(* Let $Q=ax^2+bxy+cy^2\in\mathcal{Q}_N(d_K)$ and let $P$ be a subgroup of $I_K(\mathfrak{n})$ with $P_{K,1}(\mathfrak{n})\subseteq P\subseteq P_K(\mathfrak{n})$. Then every class $C\in P_K(\mathfrak{n})/P$ can be written as $C=[(u\omega_Q+v)\mathcal{O}_K]$ for some integers $u,v$, not both zero, such that $\gcd(N,\,Q(v,-u))=1$.
   Context: Let $K$ be an imaginary quadratic field with discriminant $d_K$ and ring of integers $\mathcal{O}_K$. Let $N$ be a positive integer and $\mathfrak{n}=N\mathcal{O}_K$. $I_K(\mathfrak{n})$ denotes the group of fractional ideals of $K$ relatively prime to $\mathfrak{n}$, $P_K(\mathfrak{n})$ its subgroup of principal fractional ideals, and $P_{K,1}(\mathfrak{n})=\{\nu\mathcal{O}_K:\nu\in K^*,\ \nu\equiv^*1\pmod{\mathfrak{n}}\}$, where $\equiv^*$ is multiplicative congruence. $\mathcal{Q}(d_K)$ is the set of primitive positive definite binary quadratic forms $ax^2+bxy+cy^2\in\mathbb{Z}[x,y]$ with $b^2-4ac=d_K$, and $\mathcal{Q}_N(d_K)=\{ax^2+bxy+cy^2\in\mathcal{Q}(d_K):\gcd(N,a)=1\}$. For $Q=ax^2+bxy+cy^2\in\mathcal{Q}(d_K)$, $\omega_Q=(-b+\sqrt{d_K})/(2a)$, the root of $Q(x,1)$ in the upper half-plane $\mathbb{H}$. *)

theory Defs
  imports "HOL-Computational_Algebra.Computational_Algebra" "HOL-Number_Theory.Number_Theory"
begin

text \<open>Imaginary quadratic field K = Q(sqrt d) of (fundamental) discriminant d < 0,
  realised inside the complex numbers, with sqrt d = i * sqrt(-d).\<close>

definition fund_disc :: "int \<Rightarrow> bool" where
  "fund_disc d \<longleftrightarrow>
     (d mod 4 = 1 \<and> squarefree d) \<or>
     (\<exists>m. d = 4 * m \<and> (m mod 4 = 2 \<or> m mod 4 = 3) \<and> squarefree m)"

definition sqrtd :: "int \<Rightarrow> complex" where
  "sqrtd d = \<i> * complex_of_real (sqrt (- real_of_int d))"

definition Kf :: "int \<Rightarrow> complex set" where
  "Kf d = {of_rat p + of_rat q * sqrtd d | p q. True}"

definition OK :: "int \<Rightarrow> complex set" where
  "OK d = {x \<in> Kf d. algebraic_int x}"

definition frac_ideal :: "int \<Rightarrow> complex set \<Rightarrow> bool" where
  "frac_ideal d I \<longleftrightarrow> I \<subseteq> Kf d \<and> 0 \<in> I \<and> I \<noteq> {0} \<and>
     (\<forall>x\<in>I. \<forall>y\<in>I. x + y \<in> I) \<and> (\<forall>r\<in>OK d. \<forall>x\<in>I. r * x \<in> I) \<and>
     (\<exists>c\<in>OK d. c \<noteq> 0 \<and> (\<forall>x\<in>I. c * x \<in> OK d))"

definition fid_prod :: "complex set \<Rightarrow> complex set \<Rightarrow> complex set" where
  "fid_prod I J = {\<Sum>i<(n::nat). x i * y i | n x y. \<forall>i<n. x i \<in> I \<and> y i \<in> J}"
****
■ Your task:
Every entry should be given again exactly as written.

■ Solved problem:
(* Let $Q=ax^2+bxy+cy^2\in\mathcal{Q}_N(d_K)$ and let $P$ be a subgroup of $I_K(\mathfrak{n})$ with $P_{K,1}(\mathfrak{n})\subseteq P\subseteq P_K(\mathfrak{n})$. Then every class $C\in P_K(\mathfrak{n})/P$ can be written as $C=[(u\omega_Q+v)\mathcal{O}_K]$ for some integers $u,v$, not both zero, such that $\gcd(N,\,Q(v,-u))=1$.
   Context: Let $K$ be an imaginary quadratic field with discriminant $d_K$ and ring of integers $\mathcal{O}_K$. Let $N$ be a positive integer and $\mathfrak{n}=N\mathcal{O}_K$. $I_K(\mathfrak{n})$ denotes the group of fractional ideals of $K$ relatively prime to $\mathfrak{n}$, $P_K(\mathfrak{n})$ its subgroup of principal fractional ideals, and $P_{K,1}(\mathfrak{n})=\{\nu\mathcal{O}_K:\nu\in K^*,\ \nu\equiv^*1\pmod{\mathfrak{n}}\}$, where $\equiv^*$ is multiplicative congruence. $\mathcal{Q}(d_K)$ is the set of primitive positive definite binary quadratic forms $ax^2+bxy+cy^2\in\mathbb{Z}[x,y]$ with $b^2-4ac=d_K$, and $\mathcal{Q}_N(d_K)=\{ax^2+bxy+cy^2\in\mathcal{Q}(d_K):\gcd(N,a)=1\}$. For $Q=ax^2+bxy+cy^2\in\mathcal{Q}(d_K)$, $\omega_Q=(-b+\sqrt{d_K})/(2a)$, the root of $Q(x,1)$ in the upper half-plane $\mathbb{H}$. *)

theory Defs
  imports "HOL-Computational_Algebra.Computational_Algebra" "HOL-Number_Theory.Number_Theory"
begin

text \<open>Imaginary quadratic field K = Q(sqrt d) of (fundamental) discriminant d < 0,
  realised inside the complex numbers, with sqrt d = i * sqrt(-d).\<close>

definition fund_disc :: "int \<Rightarrow> bool" where
  "fund_disc d \<longleftrightarrow>
     (d mod 4 = 1 \<and> squarefree d) \<or>
     (\<exists>m. d = 4 * m \<and> (m mod 4 = 2 \<or> m mod 4 = 3) \<and> squarefree m)"

definition sqrtd :: "int \<Rightarrow> complex" where
  "sqrtd d = \<i> * complex_of_real (sqrt (- real_of_int d))"

definition Kf :: "int \<Rightarrow> complex set" where
  "Kf d = {of_rat p + of_rat q * sqrtd d | p q. True}"

definition OK :: "int \<Rightarrow> complex set" where
  "OK d = {x \<in> Kf d. algebraic_int x}"

definition frac_ideal :: "int \<Rightarrow> complex set \<Rightarrow> bool" where
  "frac_ideal d I \<longleftrightarrow> I \<subseteq> Kf d \<and> 0 \<in> I \<and> I \<noteq> {0} \<and>
     (\<forall>x\<in>I. \<forall>y\<in>I. x + y \<in> I) \<and> (\<forall>r\<in>OK d. \<forall>x\<in>I. r * x \<in> I) \<and>
     (\<exists>c\<in>OK d. c \<noteq> 0 \<and> (\<forall>x\<in>I. c * x \<in> OK d))"

definition fid_prod :: "complex set \<Rightarrow> complex set \<Rightarrow> complex set" where
  "fid_prod I J = {\<Sum>i<(n::nat). x i * y i | n x y. \<forall>i<n. x i \<in> I \<and> y i \<in> J}"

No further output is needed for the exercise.